At the same time, S&P raised the issue-level rating on Iridium's
senior secured debt to 'BB' from 'BB-'. The '2' recovery rating
indicates its expectation substantial (70%-90%; rounded estimate:
75%) recovery in the event of a payment default.

The stable outlook reflects S&P's expectation for healthy top-line
growth and modest margin expansion based on favorable trends in
internet of things (IoT) and maritime broadband, which supports
increased earnings and strong free operating cash flow (FOCF)
generation although upside is limited by the potential for
debt-financed shareholder returns that could push leverage up to
3.5x over time.

The upgrade reflects Iridium's improved leverage on the back of
higher earnings and healthy FOCF.

Iridium's full-year 2022 revenue and reported EBITDA grew 17% and
12% year over year, driven by higher handset revenue, increased
engineering revenue from a new contract award, and broad-based
growth in its commercial service revenue, including IoT, maritime
broadband, and voice and data. At the same time, the company
generated healthy FOCF of about $270 million, which combined with
its sizable cash balance, enabled it to prepay $100 million of its
debt in the fourth quarter of 2022, despite increased share buyback
activity. As a result, Iridium's S&P Global Ratings-adjusted
leverage improved to 3.5x at year-end 2022 from 4.2x as of Dec. 31,
2021.

S&P expects growth trends to remain favorable over the immediate
term.

Strong IoT and maritime broadband subscriber growth will likely
result in healthy service revenue growth in the 8%-10% range over
the next couple years. IoT subscribers and revenue grew 21% and 13%
in 2022. S&P said, "We expect Iridium to continue its solid growth
trajectory in IoT with new and competitively priced products given
strong demand for consumer personal communications devices driven
by Garmin and Zoleo. Meanwhile, Iridium's broadband service grew
its subscriber count by 14% and its revenue by 19% in 2022 as the
company continued to take market share in maritime with new
lower-cost and higher-speed data offerings. We expect Iridium to
continue to take significant share in the long (L)-band maritime
market, which is often used for very small aperture terminal (VSAT)
backup. Iridium has adopted a more agile approach than Inmarsat
whose organizational focus appears to be on growing its
higher-speed Kurtz-above (Ka)-band service. We believe Iridium
benefits from a clean wholesale strategy that is reseller friendly
with key original equipment manufacturer (OEM) relationships, in
addition to lower prices and a superior lower-latency secure
constellation design." Finally, its voice and data business, which
has historically been viewed as a mature segment with stable
trends, is benefiting from ongoing adoption of higher quality
products such as Iridium's push-to-talk service.

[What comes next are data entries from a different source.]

text \<open>A completely positive map sends the identity to a psd matrix (ampliation with k = 1).\<close>

lemma cp_unit_psd:
  assumes \<Phi>: "completely_positive n m \<Phi>"
  shows "psd_mat m (\<Phi> (1\<^sub>m n))"
proof -
  have carrier: "\<Phi> (1\<^sub>m n) \<in> carrier_mat m m"
    using linear_map_matD(1)[OF completely_positiveD(1)[OF \<Phi>]] by simp
  have "ampliation 1 n m \<Phi> (1\<^sub>m n) = \<Phi> (1\<^sub>m n)"
  proof (rule ampliation_eqI)
    fix R S a b :: nat assume "R < 1" "S < 1"
    then have "block n R S (1\<^sub>m n) = 1\<^sub>m n" by (auto simp: block_def intro!: eq_matI)
    with \<open>R < 1\<close> \<open>S < 1\<close> show "\<Phi> (1\<^sub>m n) $$ (R*m+a, S*m+b) = \<Phi> (block n R S (1\<^sub>m n)) $$ (a,b)"
      by simp
  qed (use carrier in simp)
  moreover have "psd_mat (1*n) (1\<^sub>m n)" using psd_one[of n] by simp
  then have "psd_mat (1*m) (ampliation 1 n m \<Phi> (1\<^sub>m n))"
    by (rule completely_positiveD(2)[OF \<Phi>])
  ultimately show ?thesis by simp
qed

definition corner :: "nat \<Rightarrow> complex mat \<Rightarrow> complex mat" where
  "corner n Y = Matrix.mat n n (\<lambda>(p,q). Y$$(p,q))"

lemma direct_sum_zero_altdef:
  "A \<in> carrier_mat n n \<Longrightarrow>
    direct_sum_zero n A = Matrix.mat (n+1) (n+1) (\<lambda>(p,q). if p < n \<and> q < n then A$$(p,q) else 0)"
  unfolding direct_sum_zero_def by (intro eq_matI) auto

Despite increased earnings and FOCF, S&P expects share repurchases
and dividends will keep net leverage within the company's target
range of 2.5x-3.5x.

Iridium will be on a capital expenditure (capex) holiday until at
least 2030 following the completion of its NEXT satellite
constellation in 2019. S&P said, "Therefore, we expect consistent
top-line growth and margin expansion from increased operating
leverage to result in a long runway of solid FOCF generation of
$300 million-$450 million annually through 2027. However, we
believe the company will engage in share repurchases and dividends
to keep net leverage in the 2.5x-3.5x range. As of Dec. 31, 2022,
the company had $180 million remaining under its $300 million share
repurchase program, which runs through the end of 2023. The company
also initiated a quarterly dividend in late 2022. We expect Iridium
will use a combination of share repurchases and dividends to
maintain net leverage in its target range of 2.5x-3.5x. The
company's net leverage was 3.2x as of Dec. 31, 2022."

Joint venture partner Aireon is benefiting from the recovery in
global air travel, although the timing for when it will be able to
redeem a portion of Iridium's ownership stake is still unclear.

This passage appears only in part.